Small businesses working with small community lenders moved ahead of the line this evening for about 8 hours in the SBA Payroll Protection Program (PPP) sweepstakes.
In a tweet, SBA Administrator Jovita Carranza confirmed that the SBA is only accepting loan applications from smaller community banks and their clients until Midnight.
To assist small community lenders and ensure their small business customers have access to the #PaycheckProtectionProgram, today from 4 PM EDT – 11:59 PM EDT, @SBAgov systems will only accept loans from lending institutions with asset sizes less than $1 billion.
— Jovita Carranza, SBA (@SBAJovita) April 29, 2020
This decision follows a concern that large national banks were hoarding the applications process as many had still been accepting SBA PPP loan applications when there was no funding.
Bank of America apparently had a backlog of over 184,000 thousand PPP loan applications it sent over on Monday when the SBA reopened the PPP lending program again after receiving an additional $310 billion in funding from Congress last week.
JPMorgan Chase & Co. stopped taking loan applications on the runup to the second round of funding so it could get its backlog ready for transmittal to the SBA.
“I wish we could help every business through this program, but funds could run out again quickly and we have preexisting applications in our queue.”
Jennifer Roberts, chief of the JPMorgan Chase & Co. consumer unit’s business-banking division
SBA Trying to Level the Playing Field
Lawmakers and the Administration have come under criticism that many of the problems in the first round were not fixed in the law, and the program would likely result in many small businesses, especially in rural communities, not being able to get a chance at PPP loans.

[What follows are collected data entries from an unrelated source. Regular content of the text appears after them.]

lemma region_mass_Suc:
  "region_mass p b x0 t0 (Suc n) = region_mass p b x0 t0 n - exit_mass p b x0 t0 n"
proof -
  define t where "t = t0 + int n"
  have t_Suc: "t0 + int (Suc n) = t + 1" by (simp add: t_def)
  define inside where "inside z = (of_bool (z \<in> region b) :: real)" for z
  have step: "(1 - p) * inside (x, t + 1) + p * inside (x + 1, t + 1)
      = inside (x, t) * (1 - exit_prob p b (x, t))" for x
  proof (cases "(x, t) \<in> region b")
    case False
    then have "(x, t + 1) \<notin> region b" "(x + 1, t + 1) \<notin> region b"
      using region_downward_closed[of _ _ b x t] by force+
    with False show ?thesis by (simp add: inside_def)
  qed (simp add: inside_def exit_prob_eq algebra_simps)
  have "region_mass p b x0 t0 (Suc n)
      = (\<Sum>x = x0..x0 + int (Suc n). inside (x, t + 1) * green p (x, t0 + int (Suc n)) (x0, t0))"
    unfolding region_mass_def sum_region_row inside_def t_Suc ..
  also have "\<dots> = (\<Sum>x = x0..x0 + int n.
                      inside (x, t) * green p (x, t) (x0, t0) * (1 - exit_prob p b (x, t)))"
    unfolding sum_green_Suc step by (simp add: t_def mult_ac)
  also have "\<dots> = region_mass p b x0 t0 n - exit_mass p b x0 t0 n"
    unfolding region_mass_def exit_mass_def sum_region_row exit_green_def inside_def t_def
    by (simp add: sum_subtractf algebra_simps)
  finally show ?thesis .
qed

lemma sum_exit_mass:
  "(x0, t0) \<in> region b \<Longrightarrow> (\<Sum>n<N. exit_mass p b x0 t0 n) = 1 - region_mass p b x0 t0 N"
  by (induction N) (simp_all add: region_mass_0 region_mass_Suc)

lemma region_mass_tendsto_0:
  fixes p :: real
  assumes p: "0 < p" "p < 1" and bs: "boundary_set b"
  shows "region_mass p b x0 t0 \<longlonglongrightarrow> 0"
proof (rule tendsto_sandwich[of "\<lambda>_. 0"])
  define a where "a = fst (b 0) + 1"
  define c where "c = snd (b 0) + 1"
  define K where "K = nat (a - x0)"
  have corner: "(a, c) \<notin> region b"
    unfolding a_def c_def by (rule boundary_corner_notin_region[OF bs])
  show "\<forall>\<^sub>F n in sequentially. region_mass p b x0 t0 n \<le> (\<Sum>k<K. binomial_weight p n k)"
  proof (rule eventually_sequentiallyI)
    fix n assume n: "nat (c - t0) \<le> n"
    have "region_row b x0 t0 n \<subseteq> (\<lambda>k. x0 + int k) ` {..<K}"
    proof
      fix x assume x: "x \<in> region_row b x0 t0 n"
      then have "x < a"
        using corner region_downward_closed[of x "t0 + int n" b a c] n
        by (force simp: region_row_def)
      with x show "x \<in> (\<lambda>k. x0 + int k) ` {..<K}"
        by (intro rev_image_eqI[of "nat (x - x0)"]) (auto simp: region_row_def K_def)
    qed
    then have "region_mass p b x0 t0 n
        \<le> (\<Sum>x\<in>(\<lambda>k. x0 + int k) ` {..<K}. green p (x, t0 + int n) (x0, t0))"
      unfolding region_mass_def using p by (intro sum_mono2 green_nonneg) auto
    also have "\<dots> = (\<Sum>k<K. binomial_weight p n k)"
      by (subst sum.reindex) (auto simp: inj_on_def green_shift)
    finally show "region_mass p b x0 t0 n \<le> (\<Sum>k<K. binomial_weight p n k)" .
  qed
  show "(\<lambda>n. \<Sum>k<K. binomial_weight p n k) \<longlonglongrightarrow> 0"
    using p by (intro tendsto_null_sum binomial_weight_tendsto_0)
  show "\<forall>\<^sub>F n in sequentially. 0 \<le> region_mass p b x0 t0 n"
    using p by (simp add: region_mass_def sum_nonneg green_nonneg)
qed simp

lemma exit_mass_has_sum:
  fixes p :: real
  assumes "0 < p" "p < 1" and "boundary_set b" and "(x0, t0) \<in> region b"
  shows "(exit_mass p b x0 t0 has_sum 1) UNIV"
proof (rule sums_nonneg_imp_has_sum)
  have "(\<lambda>N. 1 - region_mass p b x0 t0 N) \<longlonglongrightarrow> 1 - 0"
    using assms by (intro tendsto_diff tendsto_const region_mass_tendsto_0)
  then show "exit_mass p b x0 t0 sums 1"
    by (simp add: sums_def sum_exit_mass[OF assms(4)])
  show "0 \<le> exit_mass p b x0 t0 n" for n
    using assms by (simp add: exit_mass_def sum_nonneg exit_green_nonneg)
qed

While some tweaks were made to the program to try to give more small business owners an opportunity at the loan program, big banks still have the resources and had the backlog to flood the system.
“One of the big changes was that $60 billion was sectioned off for smaller lending institutions. $30 billion was for banks and credit unions with assets between $10-50 billion. Another $30 billion was set aside for institutions with less than $10 billion in total assets,” said Bo Steiner, the Illinois district director of the SBA.
“We’ve put in some controls to help meter applications, so no one institution gets all of the applications. We also put limitations in that at no single lender can take up more than 10 percent of the total appropriation that’s available,” Steiner continued.
Today’s decision by the SBA to tip the scales firmly toward small lenders for about eight hours shows the tweaks were not enough, and the SBA felt it had to give another boost to smaller banks and their customers.
Unfortunately, despite all best efforts, three points will dominate the news cycle again shortly:
- The program will be again out of money quickly, possibly even faster than the first round due to the backlog of loan applications from round 1.
- There will be again stories about big or influential companies receiving PPP loans ahead of micro business that probably needed them more. U.S. Treasury Mnuchin vowed to audit all loans over $2 million, but once the money is lent out and until the audits can be completed, many small firms may have to shut their doors by then.
- Will Congress appropriate more money, and if so, how long will it take as the battle over future coronavirus relief bills will become more political?
Midnight The Flood Gates Will Open Again
Starting at Midnight, all size lenders will be able to submit loan applications again. There is no indication the SBA will offer another window exclusively for smaller community banks again during this round of PPP loans.
While large banks are temporarily shut out of the SBA system, they continued to accept applications, meaning high volumes of PPP loan applications will start to flood back in on Thursday at 12:00 am.